→ **EXERCISE DESCRIPTION**
The stretch from the line with "unfolding e_def d_def" through the line with "qed (rule Bayes_emp_deviation_event[OF" in the records below: write it out exactly, and nothing else.

→ **Records from a data collection**
:::
lemma L1dist_Bayes_Astar_emp_le:
  fixes m :: nat
  assumes g: "is_density \<mu> g"
    and b: "b \<in> borel_measurable \<mu>" "\<And>x. 0 \<le> b x" "integrable \<mu> (\<lambda>x. h x * b x)"
      "(\<integral>x. h x * b x \<partial>\<mu>) > 0"
    and cells: "\<And>j. j < m \<Longrightarrow> S j \<in> sets \<mu>"
    and approx: "\<And>x x'. \<bar>a x' x - (\<Sum>j<m. a (y j) x * indicator (S j) x')\<bar> \<le> e * h x"
    and "N > 0"
    and freq: "\<And>j. j < m \<Longrightarrow> \<bar>empirical_prob N X (S j) - measure (density \<mu> g) (S j)\<bar> \<le> t"
  shows "L1dist \<mu> (Bayes \<mu> (Astar_emp a N X) b) (Bayes \<mu> (Astar \<mu> a g) b)
    \<le> (c + C) * (2 * e + real m * C * t) / c\<^sup>2"
proof (rule L1dist_Bayes_le[OF b(3,4,1,2) h_nonneg _ _ c_pos _ _
      Astar_emp_close_Astar[OF g cells approx \<open>N > 0\<close> freq]])
  show "Astar_emp a N X \<in> borel_measurable \<mu>"
    unfolding Astar_emp_def[abs_def] using row_measurable by measurable
  show "Astar \<mu> a g \<in> borel_measurable \<mu>"
    using g unfolding is_density_def by (intro Astar_measurable[OF sigma_finite kernel_measurable]) simp
  show "c * h x \<le> Astar_emp a N X x \<and> Astar_emp a N X x \<le> C * h x" for x
    using \<open>N > 0\<close> kernel_between by (rule Astar_emp_between)
  show "c * h x \<le> Astar \<mu> a g x \<and> Astar \<mu> a g x \<le> C * h x" for x
    using g column_measurable kernel_between by (rule Astar_between)
qed

lemma Bayes_emp_deviation_event:
  fixes m :: nat
  assumes g: "is_density \<mu> g"
    and b: "b \<in> borel_measurable \<mu>" "\<And>x. 0 \<le> b x" "integrable \<mu> (\<lambda>x. h x * b x)"
      "(\<integral>x. h x * b x \<partial>\<mu>) > 0"
    and cells: "\<And>j. j < m \<Longrightarrow> S j \<in> sets \<mu>"
    and approx: "\<And>x x'. \<bar>a x' x - (\<Sum>j<m. a (y j) x * indicator (S j) x')\<bar> \<le> e * h x"
    and "N > 0" and "0 \<le> t" and \<epsilon>: "(c + C) * (2 * e + real m * C * t) / c\<^sup>2 \<le> \<epsilon>"
  defines "P \<equiv> PiM {..<N} (\<lambda>_. density \<mu> g)"
  shows "\<exists>E \<in> sets P.
    {X \<in> space P. L1dist \<mu> (Bayes \<mu> (Astar_emp a N X) b) (Bayes \<mu> (Astar \<mu> a g) b) > \<epsilon>} \<subseteq> E
    \<and> measure P E \<le> 2 * real m * exp (- (2 * t\<^sup>2) * real N)"
proof -
  define E where "E = {X \<in> space P. \<exists>j<m. t \<le> \<bar>empirical_prob N X (S j) - measure (density \<mu> g) (S j)\<bar>}"
  have prob: "prob_space (density \<mu> g)"
    using g by (rule prob_space_density_is_density)
  have cells': "S j \<in> sets (density \<mu> g)" if "j < m" for j
    using cells[OF that] by simp
  have "{X \<in> space P. L1dist \<mu> (Bayes \<mu> (Astar_emp a N X) b) (Bayes \<mu> (Astar \<mu> a g) b) > \<epsilon>} \<subseteq> E"
    unfolding E_def
  proof (intro subsetI CollectI conjI)
    fix X
    assume X: "X \<in> {X \<in> space P. L1dist \<mu> (Bayes \<mu> (Astar_emp a N X) b) (Bayes \<mu> (Astar \<mu> a g) b) > \<epsilon>}"
    then show "X \<in> space P"
      by simp
    show "\<exists>j<m. t \<le> \<bar>empirical_prob N X (S j) - measure (density \<mu> g) (S j)\<bar>"
    proof (rule ccontr)
      assume "\<not> ?thesis"
      then have "\<bar>empirical_prob N X (S j) - measure (density \<mu> g) (S j)\<bar> \<le> t" if "j < m" for j
        using that by auto
      from L1dist_Bayes_Astar_emp_le[OF g b cells approx \<open>N > 0\<close> this] X \<epsilon> show False
        by simp
    qed
  qed
  moreover have "E \<in> sets P"
    unfolding E_def P_def by (rule empirical_probs_deviation(1)[OF prob cells' \<open>N > 0\<close> \<open>0 \<le> t\<close>])
  moreover have "measure P E \<le> 2 * real m * exp (- (2 * t\<^sup>2) * real N)"
    unfolding E_def P_def by (rule empirical_probs_deviation(2)[OF prob cells' \<open>N > 0\<close> \<open>0 \<le> t\<close>])
  ultimately show ?thesis
    by blast
qed

end

theorem lemma11:
  fixes \<mu> :: "'a::metric_space measure"
    and a :: "'a \<Rightarrow> 'a \<Rightarrow> real"
    and h :: "'a \<Rightarrow> real"
    and c_a C_a \<epsilon> :: real
  assumes compact: "compact (UNIV :: 'a set)"
    and mu_borel: "sets \<mu> = sets borel"
    and mu_sf: "sigma_finite_measure \<mu>"
    and a_meas: "(\<lambda>(x, y). a x y) \<in> borel_measurable (\<mu> \<Otimes>\<^sub>M \<mu>)"
    and a_trans: "\<And>x. is_density \<mu> (a x)"
    and h_dens: "is_density \<mu> h"
    and const_pos: "0 < c_a" "c_a \<le> C_a"
    and a_bounds: "\<And>x x'. c_a * h x \<le> a x' x \<and> a x' x \<le> C_a * h x"
    and Delta: "\<forall>e>0. \<exists>\<delta>>0. \<forall>x x'. dist x x' < \<delta> \<longrightarrow>
                  (\<forall>x''. \<bar>a x x'' - a x' x''\<bar> / h x'' \<le> e)"
    and eps: "\<epsilon> > 0"
  shows "\<exists>K r. r > 0 \<and>
     (\<forall>g b N. is_density \<mu> g \<longrightarrow> b \<in> borel_measurable \<mu> \<longrightarrow> (\<forall>x. 0 \<le> b x) \<longrightarrow>
        integrable \<mu> (\<lambda>x. h x * b x) \<longrightarrow> (\<integral>x. h x * b x \<partial>\<mu>) > 0 \<longrightarrow> N > 0 \<longrightarrow>
        (\<exists>E \<in> sets (PiM {..<N} (\<lambda>_. density \<mu> g)).
           {X \<in> space (PiM {..<N} (\<lambda>_. density \<mu> g)).
              L1dist \<mu> (Bayes \<mu> (Astar_emp a N X) b) (Bayes \<mu> (Astar \<mu> a g) b) > \<epsilon>} \<subseteq> E
           \<and> measure (PiM {..<N} (\<lambda>_. density \<mu> g)) E \<le> K * exp (- r * real N)))"
proof -
  interpret mixing_kernel \<mu> a h c_a C_a
  proof (rule mixing_kernel.intro)
    show "space \<mu> = UNIV"
      using sets_eq_imp_space_eq[OF mu_borel] by simp
    show "a x' \<in> borel_measurable \<mu>" "0 \<le> h x" for x x'
      using a_trans[of x'] h_dens unfolding is_density_def by simp_all
  qed (fact mu_sf a_meas const_pos(1) a_bounds)+
  define d where "d = \<epsilon> * c_a\<^sup>2 / (c_a + C_a)"
  define e where "e = d / 3"
  have "e > 0"
    unfolding e_def d_def using eps const_pos by simp
  with Delta obtain \<delta> where "\<delta> > 0"
    and \<delta>: "\<And>x x' x''. dist x x' < \<delta> \<Longrightarrow> \<bar>a x x'' - a x' x''\<bar> / h x'' \<le> e"
    by blast
  obtain m :: nat and S :: "nat \<Rightarrow> 'a set" and y :: "nat \<Rightarrow> 'a" where "0 < m"
    and cells: "\<And>j. j < m \<Longrightarrow> S j \<in> sets borel" and unique: "\<And>x. \<exists>!j. j < m \<and> x \<in> S j"
    and near: "\<And>j x. j < m \<Longrightarrow> x \<in> S j \<Longrightarrow> dist (y j) x < \<delta>"
    using compact_finite_borel_partition[OF compact \<open>\<delta> > 0\<close>] by blast
  have approx: "\<bar>a x' x - (\<Sum>j<m. a (y j) x * indicator (S j) x')\<bar> \<le> e * h x" for x x'
    using unique near \<delta> h_nonneg kernel_eq_0_if_h_eq_0 by (rule kernel_step_approx)
  define t where "t = e / (C_a * real m)"
  have "t > 0"
    unfolding t_def using \<open>e > 0\<close> \<open>0 < m\<close> const_pos by simp
  have "c_a + C_a \<noteq> 0" "c_a \<noteq> 0"
    using const_pos by linarith+
  then have "(c_a + C_a) * d / c_a\<^sup>2 = \<epsilon>"
    unfolding d_def by simp
  moreover have "2 * e + real m * C_a * t = d"
    unfolding t_def e_def using \<open>0 < m\<close> const_pos by simp
  ultimately have bound: "(c_a + C_a) * (2 * e + real m * C_a * t) / c_a\<^sup>2 \<le> \<epsilon>"
    by simp
  show ?thesis
  proof (intro exI conjI allI impI)
    show "0 < 2 * t\<^sup>2"
      using \<open>t > 0\<close> by simp
  qed (rule Bayes_emp_deviation_event[OF _ _ _ _ _ cells[unfolded mu_borel[symmetric]] approx _
        less_imp_le[OF \<open>t > 0\<close>] bound]; blast)
qed

end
:::
→ **WRITTEN REPLY**
    unfolding e_def d_def using eps const_pos by simp
  with Delta obtain \<delta> where "\<delta> > 0"
    and \<delta>: "\<And>x x' x''. dist x x' < \<delta> \<Longrightarrow> \<bar>a x x'' - a x' x''\<bar> / h x'' \<le> e"
    by blast
  obtain m :: nat and S :: "nat \<Rightarrow> 'a set" and y :: "nat \<Rightarrow> 'a" where "0 < m"
    and cells: "\<And>j. j < m \<Longrightarrow> S j \<in> sets borel" and unique: "\<And>x. \<exists>!j. j < m \<and> x \<in> S j"
    and near: "\<And>j x. j < m \<Longrightarrow> x \<in> S j \<Longrightarrow> dist (y j) x < \<delta>"
    using compact_finite_borel_partition[OF compact \<open>\<delta> > 0\<close>] by blast
  have approx: "\<bar>a x' x - (\<Sum>j<m. a (y j) x * indicator (S j) x')\<bar> \<le> e * h x" for x x'
    using unique near \<delta> h_nonneg kernel_eq_0_if_h_eq_0 by (rule kernel_step_approx)
  define t where "t = e / (C_a * real m)"
  have "t > 0"
    unfolding t_def using \<open>e > 0\<close> \<open>0 < m\<close> const_pos by simp
  have "c_a + C_a \<noteq> 0" "c_a \<noteq> 0"
    using const_pos by linarith+
  then have "(c_a + C_a) * d / c_a\<^sup>2 = \<epsilon>"
    unfolding d_def by simp
  moreover have "2 * e + real m * C_a * t = d"
    unfolding t_def e_def using \<open>0 < m\<close> const_pos by simp
  ultimately have bound: "(c_a + C_a) * (2 * e + real m * C_a * t) / c_a\<^sup>2 \<le> \<epsilon>"
    by simp
  show ?thesis
  proof (intro exI conjI allI impI)
    show "0 < 2 * t\<^sup>2"
      using \<open>t > 0\<close> by simp
  qed (rule Bayes_emp_deviation_event[OF _ _ _ _ _ cells[unfolded mu_borel[symmetric]] approx _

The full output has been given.